Connectivity options

Only a few years ago, the primary connection option for remote users was a dial-up line. While a dial-up connection is adequate for checking e-mail, it lacks the capacity, "always on" connectivity, and reliability that are required for more data-intensive and collaborative business applications.

Broadband-access technologies such as DSL, cable and wireless are not only widely available, but are sometimes less expensive than dial-up. Service providers actively market a variety of broadband service packages to residential customers that promote home-office operations, such as the ability to run an additional telephone line over a broadband connection.

Ease of use

Technology has made it possible for companies to connect teleworkers with speed, security and reliability. But unless the technology is easy to use, teleworkers won't be happy or productive.

Providing a Web-based graphical user interface that enables a teleworker to configure the router in just a few simple steps is a must. This means companies don't have to hire outside contractors or add help-desk personnel to support remote installations.

Manageability

Small and medium-sized organizations don't have the time or money to dispatch technicians to teleworkers' homes to fix network problems. That is why centralized manageability is a key requirement for any teleworking solution. It should provide the headquarters staff the ability to implement virtual private networks (VPNs).
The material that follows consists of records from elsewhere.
lemma degree_charpoly:
  fixes A :: "real^'n^'n"
  shows "degree (charpoly A) = CARD('n)"
proof -
  define M :: "complex poly^'n^'n"
    where "M = (\<chi> i j. (if i = j then [:0, 1:] else 0) - [: cmat A $ i $ j :])"
  define P where "P = {p. p permutes (UNIV::'n set)}"
  define T where "T p = of_int (sign p) * (\<Prod>i\<in>UNIV. M $ i $ p i)" for p
  have fin: "finite P" and id: "id \<in> P"
    by (simp_all add: P_def finite_permutations)
  have charpoly: "charpoly A = T id + (\<Sum>p\<in>P - {id}. T p)"
    unfolding charpoly_def det_def M_def[symmetric] T_def[symmetric] P_def[symmetric]
    using fin id by (simp add: sum.remove)
  have diag: "M $ i $ i = [:- cmat A $ i $ i, 1:]" for i
    by (simp add: M_def)
  have offdiag: "i \<noteq> j \<Longrightarrow> degree (M $ i $ j) = 0" for i j
    by (simp add: M_def)
  have deg_le_1: "degree (M $ i $ j) \<le> 1" for i j
    by (cases "i = j") (simp_all add: diag offdiag)
  have deg_id: "degree (T id) = CARD('n)"
    by (simp add: T_def diag degree_prod_sum_eq)
  have deg_other: "degree (T p) \<le> CARD('n) - 1" if "p \<in> P - {id}" for p
  proof -
    from that obtain i0 where i0: "p i0 \<noteq> i0" by (auto simp: fun_eq_iff)
    have "degree (T p) \<le> degree (\<Prod>i\<in>UNIV. M $ i $ p i)"
      unfolding T_def using degree_mult_le[of "of_int (sign p)" "\<Prod>i\<in>UNIV. M $ i $ p i"]
      by simp
    also have "\<dots> \<le> (\<Sum>i\<in>UNIV. degree (M $ i $ p i))"
      using degree_prod_sum_le[of UNIV "\<lambda>i. M $ i $ p i"] by (simp add: o_def)
    also have "\<dots> \<le> (\<Sum>i\<in>UNIV. if i = i0 then 0 else 1)"
      by (intro sum_mono) (use i0 offdiag deg_le_1 in auto)
    also have "\<dots> = CARD('n) - 1"
      by (simp add: sum.If_cases Compl_eq_Diff_UNIV card_Diff_singleton)
    finally show ?thesis .
  qed
  have "degree (\<Sum>p\<in>P - {id}. T p) < degree (T id)"
    unfolding deg_id by (rule le_less_trans[OF degree_sum_le]) (use fin deg_other in auto)
  then show ?thesis
    by (simp add: charpoly degree_add_eq_left deg_id)
qed

lemma card_eigenvalues_if_simple:
  fixes A :: "real^'n^'n"
  assumes "\<forall>\<mu>\<in>eigenvalues A. order \<mu> (charpoly A) = 1"
  shows "finite (eigenvalues A)" "card (eigenvalues A) = CARD('n)"
proof -
  let ?p = "charpoly A"
  have "?p \<noteq> 0"
    using degree_charpoly[of A] by (metis degree_0 zero_less_card_finite less_irrefl)
  have roots: "{z. poly ?p z = 0} = eigenvalues A"
    using poly_charpoly_eq_0_iff by blast
  show "finite (eigenvalues A)"
    using poly_roots_finite[OF \<open>?p \<noteq> 0\<close>] roots by simp
  have "?p = smult (lead_coeff ?p) (\<Prod>z|poly ?p z = 0. [:-z, 1:] ^ order z ?p)"
    by (rule complex_poly_decompose[symmetric])
  also have "\<dots> = smult (lead_coeff ?p) (\<Prod>z\<in>eigenvalues A. [:-z, 1:])"
    unfolding roots using assms by (intro arg_cong[where f="smult _"] prod.cong) auto
  finally have "degree ?p = degree (smult (lead_coeff ?p) (\<Prod>z\<in>eigenvalues A. [:-z, 1:]))"
    by (rule arg_cong)
  then have "degree ?p = card (eigenvalues A)"
    using \<open>?p \<noteq> 0\<close> by (simp add: degree_prod_sum_eq)
  then show "card (eigenvalues A) = CARD('n)"
    using degree_charpoly[of A] by simp
qed

lemma cmat_mult: "cmat (A ** B) = cmat A ** cmat B"
  by (simp add: cmat_def vec_eq_iff matrix_matrix_mult_def)

lemma cmat_mat: "cmat (mat c) = mat (of_real c)"
  by (simp add: cmat_def mat_def vec_eq_iff)

lemma cmat_matpow_mult_eigenvector:
  assumes "cmat A *v x = \<mu> *s x"
  shows "cmat (matpow A k) *v x = \<mu> ^ k *s x"
  by (induction k)
    (simp_all add: cmat_mat cmat_mult matrix_vector_mul_assoc[symmetric] vector_scalar_commute assms)

lemma abs_matpow_entry_le:
  fixes A :: "real^'n^'n"
  shows "\<bar>matpow A k $ i $ j\<bar> \<le> (\<Sum>i\<in>UNIV. \<Sum>j\<in>UNIV. \<bar>A $ i $ j\<bar>) ^ k"
proof (induction k arbitrary: i j)
  case 0
  then show ?case by (simp add: mat_def)
next
  case (Suc k)
  define S where "S = (\<Sum>i\<in>UNIV. \<Sum>j\<in>UNIV. \<bar>A $ i $ j\<bar>)"
  have "\<bar>matpow A (Suc k) $ i $ j\<bar> \<le> (\<Sum>l\<in>UNIV. \<bar>A $ i $ l\<bar> * S ^ k)"
    unfolding S_def using Suc.IH
    by (auto simp: matrix_matrix_mult_def abs_mult intro!: order_trans[OF sum_abs] sum_mono mult_left_mono)
  also have "\<dots> \<le> S * S ^ k"
    unfolding sum_distrib_right[symmetric] S_def
    by (intro mult_right_mono member_le_sum) (auto intro: sum_nonneg zero_le_power)
  finally show ?case by (simp add: S_def)
qed

lemma summable_mexp_entry:
  fixes A :: "real^'n^'n"
  shows "summable (\<lambda>k. t ^ k / fact k * matpow A k $ i $ j)"
proof -
  define S where "S = (\<Sum>i\<in>UNIV. \<Sum>j\<in>UNIV. \<bar>A $ i $ j\<bar>)"
  show ?thesis
  proof (rule summable_comparison_test'[OF summable_exp[of "\<bar>t\<bar> * S"]])
    fix k :: nat
    show "norm (t ^ k / fact k * matpow A k $ i $ j) \<le> inverse (fact k) * (\<bar>t\<bar> * S) ^ k"
      using abs_matpow_entry_le[of A k i j]
      by (simp add: S_def abs_mult power_abs power_mult_distrib divide_inverse mult_ac mult_left_mono)
  qed
qed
VPNs offer a flexible and inexpensive alternative to traditional private wide-area network connections, but they can be difficult to set up, especially at the remote site. Software tools and solutions should be created to allow technicians at a central location to "push" security policies — including encryption and authentication algorithms — to the home-office router, so there is no need for technical intervention at the remote end.

Quality of service

Quality of service is an increasingly important consideration as companies mix low-level traffic (such as e-mail), with mission-critical business (such as supply chain management) or time-sensitive applications (such as voice-over IP). (For details on Cisco Systems' quality-of-service congestion controlling technology, see this page.)

Without quality of service, these applications compete with each other for bandwidth. Too often the lowest priority traffic crowds out the higher priority applications, causing them to time out or decline in performance.

Quality of service is a particularly critical requirement for a teleworking program because remote locations are generally served by residential wide-area network (WAN) connections that typically offer lower speeds than the local-area network (LAN) connections. This means that applications will be contending for even less available bandwidth.

Built-in quality of service in the teleworker's home router ensures that higher priority traffic is allocated the bandwidth it requires for optimum performance.

Advanced services

Teleworking offers perhaps the most compelling environment for using advanced services, such as voice-over IP and videoconferencing. With IP telephony, companies can save on long-distance telephone charges by "packet-izing" voice and sending it over the same transmission line with data.

Videoconferencing is an enormously powerful tool for making virtual teams more productive and giving teleworkers and their colleagues and supervisors the "face-to-face" time that can help overcome the isolation of teleworking.

Conclusion

Technology has made the benefits of teleworking readily available to any company that wants to take advantage of it. Tech solutions available today are making it easier than ever for small to medium-sized companies to implement robust, secure and productive teleworking systems.